I have also tried to del
the memory entirely, then recreate it, and just put back in the weights and memory cells. Didn’t work.
Now for some code:
I have a Memory Module with several components, init:
self.memory_cells = torch.zeros(0, XXX, requires_grad=False).cuda()
self.memory_values = torch.zeros(0, YYY, requires_grad=False).long().cuda()
self.memory_hashes = defaultdict(bool)
self.memory_counters = torch.zeros(0, 1, requires_grad=False).long().cuda()
I also need to add to the memory, this adds 5 items per batch:
def _add_to_memory(self, elements, values, indexing_values):
with torch.no_grad():
highest_idxs = indexing_values.argsort(dim=0, descending=True)
elements = elements[highest_idxs ]
values = values[highest_idxs ]
to_add = []
for j, element in enumerate(elements):
if not self.memory_hashes[element]:
to_add.append(j)
self.memory_hashes[element] = True
if len(to_add) == 5:
break
new_counters = torch.zeros(len(to_add), 1, requires_grad=False).long().cuda()
new_cells = elements[to_add]
new_vals = values[to_add]
self.memory_cells = torch.cat((self.memory_cells, new_cells), dim=0)
self.memory_values = torch.cat((self.memory_values.view(-1, YYY), new_vals), dim=0)
self.memory_counters = torch.cat((self.memory_counters.view(-1, 1), new_counters), dim=0)
del highest_losses, elements, values, new_cells, new_vals, new_counters
The function above is called every batch as:
with torch.no_grad():
values = torch.zeros(batch_size * max_len, self.num_labels, dtype=torch.long).cuda()
values.scatter_(1, labels.view(-1, 1),
torch.ones(batch_size * max_len, dtype=torch.long).cuda().view(-1, 1))
self.memory._add_to_memory(sequence_output.detach().view(-1, feat_dim), values.detach(),
loss_expanded.detach().view(-1), max_loss=True)
del values
Every once in a while I want to keep only some of the memory entries, those that are used the most:
def keep_best_memory(self, max_size):
if self.memory_counters.shape[0] != 0:
with torch.no_grad():
idxs = self.memory_counters.view(-1).argsort(descending=True)[
:min(max_size, self.memory_counters.shape[0])]
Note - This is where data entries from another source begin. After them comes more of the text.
lemma alpha_rel_eqvt:
  "bij p \<Longrightarrow> alpha_rel (p y, perm p v) (p x, perm p w) \<longleftrightarrow> alpha_rel (y, v) (x, w)"
  using alpha_rel_perm[of "inv p" "p y" "perm p v" "p x" "perm p w"] alpha_rel_perm[of p]
  by (auto simp: bij_imp_bij_inv bij_is_inj)

lemma alpha_rel_finite_supp:
  assumes "alpha_rel (y, v) (x, w)" and "finite (supp w)"
  shows "finite (supp v)"
proof -
  obtain z where "perm (nswap y z) v = perm (nswap x z) w"
    using assms(1) by (rule alpha_relE)
  then have "v = perm (nswap y z) (perm (nswap x z) w)"
    by (metis perm_nswap_nswap)
  then show ?thesis
    using assms(2) by simp
qed

lemma alpha_rel_fresh_witness:
  assumes "alpha_rel (y, v) (x, w)"
    and z: "z \<noteq> x" "z \<noteq> y" "z \<notin> supp v" "z \<notin> supp w"
  shows "perm (nswap y z) v = perm (nswap x z) w"
proof -
  obtain z' where z': "z' \<noteq> y" "z' \<noteq> x" "z' \<notin> supp v" "z' \<notin> supp w"
    and eq: "perm (nswap y z') v = perm (nswap x z') w"
    using assms(1) by (rule alpha_relE)
  show ?thesis
  proof (cases "z = z'")
    case False
    have y: "nswap y z \<circ> nswap z' z = nswap z' z \<circ> nswap y z'"
      and x: "nswap x z \<circ> nswap z' z = nswap z' z \<circ> nswap x z'"
      using False z z' by (auto simp: fun_eq_iff nswap_def)
    have "perm (nswap y z) v = perm (nswap y z) (perm (nswap z' z) v)"
      using perm_fresh_nswap[OF z'(3) z(3)] by simp
    also have "\<dots> = perm (nswap z' z) (perm (nswap y z') v)"
      by (simp add: perm_comp y)
    also have "\<dots> = perm (nswap x z) (perm (nswap z' z) w)"
      by (simp add: eq perm_comp x)
    also have "\<dots> = perm (nswap x z) w"
      using perm_fresh_nswap[OF z'(4) z(4)] by simp
    finally show ?thesis .
  qed (use eq in simp)
qed

text \<open>Two witnesses z1, z2 relate both candidates to w, and v2 is the swap of v1 by (z1 z2),
  which are both fresh for v1.\<close>
lemma alpha_rel_unique:
  assumes "alpha_rel (y, v1) (x, w)" and "alpha_rel (y, v2) (x, w)"
  shows "v1 = v2"
proof -
  obtain z1 where z1: "z1 \<noteq> y" "z1 \<noteq> x" "z1 \<notin> supp v1" "z1 \<notin> supp w"
    and "perm (nswap y z1) v1 = perm (nswap x z1) w"
    using assms(1) by (rule alpha_relE)
  then have v1: "v1 = perm (nswap y z1) (perm (nswap x z1) w)"
    by (metis perm_nswap_nswap)
  obtain z2 where z2: "z2 \<noteq> y" "z2 \<noteq> x" "z2 \<notin> supp w"
    and "perm (nswap y z2) v2 = perm (nswap x z2) w"
    using assms(2) by (rule alpha_relE)
  then have v2: "v2 = perm (nswap y z2) (perm (nswap x z2) w)"
    by (metis perm_nswap_nswap)
  show ?thesis
  proof (cases "z1 = z2")
    case False
    have "nswap c z2 = nswap z1 z2 \<circ> nswap c z1 \<circ> nswap z1 z2" if "c \<noteq> z1" "c \<noteq> z2" for c
      using that False by (auto simp: fun_eq_iff nswap_def)
    then have conj: "perm (nswap c z2) u = perm (nswap z1 z2) (perm (nswap c z1) (perm (nswap z1 z2) u))"
      if "c \<noteq> z1" "c \<noteq> z2" for c u
      using that by (simp add: perm_comp bij_comp o_assoc)
    have "v2 = perm (nswap z1 z2) (perm (nswap y z1) (perm (nswap x z1) (perm (nswap z1 z2) w)))"
      using z1 z2 by (simp add: v2 conj)
    also have "\<dots> = perm (nswap z1 z2) v1"
      by (simp add: perm_fresh_nswap[OF z1(4) z2(3)] v1)
    finally have v2_swap: "v2 = perm (nswap z1 z2) v1" .
    have "z2 \<notin> nswap y z1 ` nswap x z1 ` supp w"
      using z1 z2 False by (auto simp: nswap_def)
    then have "z2 \<notin> supp v1"
      by (simp add: v1 supp_perm)
    then show ?thesis
      by (simp add: v2_swap perm_fresh_nswap[OF z1(3)])
  qed (simp add: v1 v2)
qed

lemma the_alpha_rel: "alpha_rel (y, v) (x, w) \<Longrightarrow> (THE v. alpha_rel (y, v) (x, w)) = v"
  by (rule the_equality) (auto intro: alpha_rel_unique)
new_cells = self.memory_cells[idxs].detach().clone()
new_vals = self.memory_values[idxs].detach().clone()
new_counters = torch.zeros(idxs.shape[0], 1, requires_grad=False, dtype=torch.long).cuda()
del self.memory_cells, self.memory_values, self.memory_counters
self.memory_cells = new_cells.clone()
self.memory_values = new_vals.clone()
self.memory_counters = new_counters.clone()
del new_cells, new_vals, new_counters
Finally the forward pass of the memory component. The FF layers are defined elsewhere but I doubt they are the problem.
def forward(self, x, *args):
batch, sent_len, feats = x.shape
x = x.view(-1, feats)
query = self.query_fc(x)
keys = self.key_fc(self.memory_cells)
sims = torch.matmul(query, keys.t()) # dot similariy
idxs = sims.sort(dim=1, descending=True).indices
k_highest_sims = smart_sort(sims, idxs)[:, :self.top_k_similarities] # multidimensional sorting, not relevant for the question
classifications = self.memory_values[idxs[:, :self.top_k_similarities]]
self.memory_counters[idxs[:, :self.top_k_similarities]] += 1
z = self.memory_gate(k_highest_sims.view(-1, self.top_k_similarities)).view(-1, 1).expand(-1, self.num_classes)
softmaxed_sims = k_highest_sims.view(-1, self.top_k_similarities, 1).expand(-1, self.top_k_similarities,
self.num_classes)
logits_memory = (classifications * softmaxed_sims).sum(dim=1)
return logits_memory.view(batch, sent_len, self.num_classes), z.view(batch, sent_len,
self.num_classes), k_highest_sims, classifications
And in the main network the memory is used like so, where logits_network
is taken from another part of the networ. Using only those logits causes no problem at all.
if self.memory.is_ready():
logits_memory, z, _, _ = self.memory(sequence_output, logits_network, similarity='angular')
logits = (1 - z) * logits_network + z * logits_memory
else:
logits_memory = None
logits = logits_network
Memory usage:
I understand the problem is pretty vague but I’m really out of ideas, any help would be appreciated.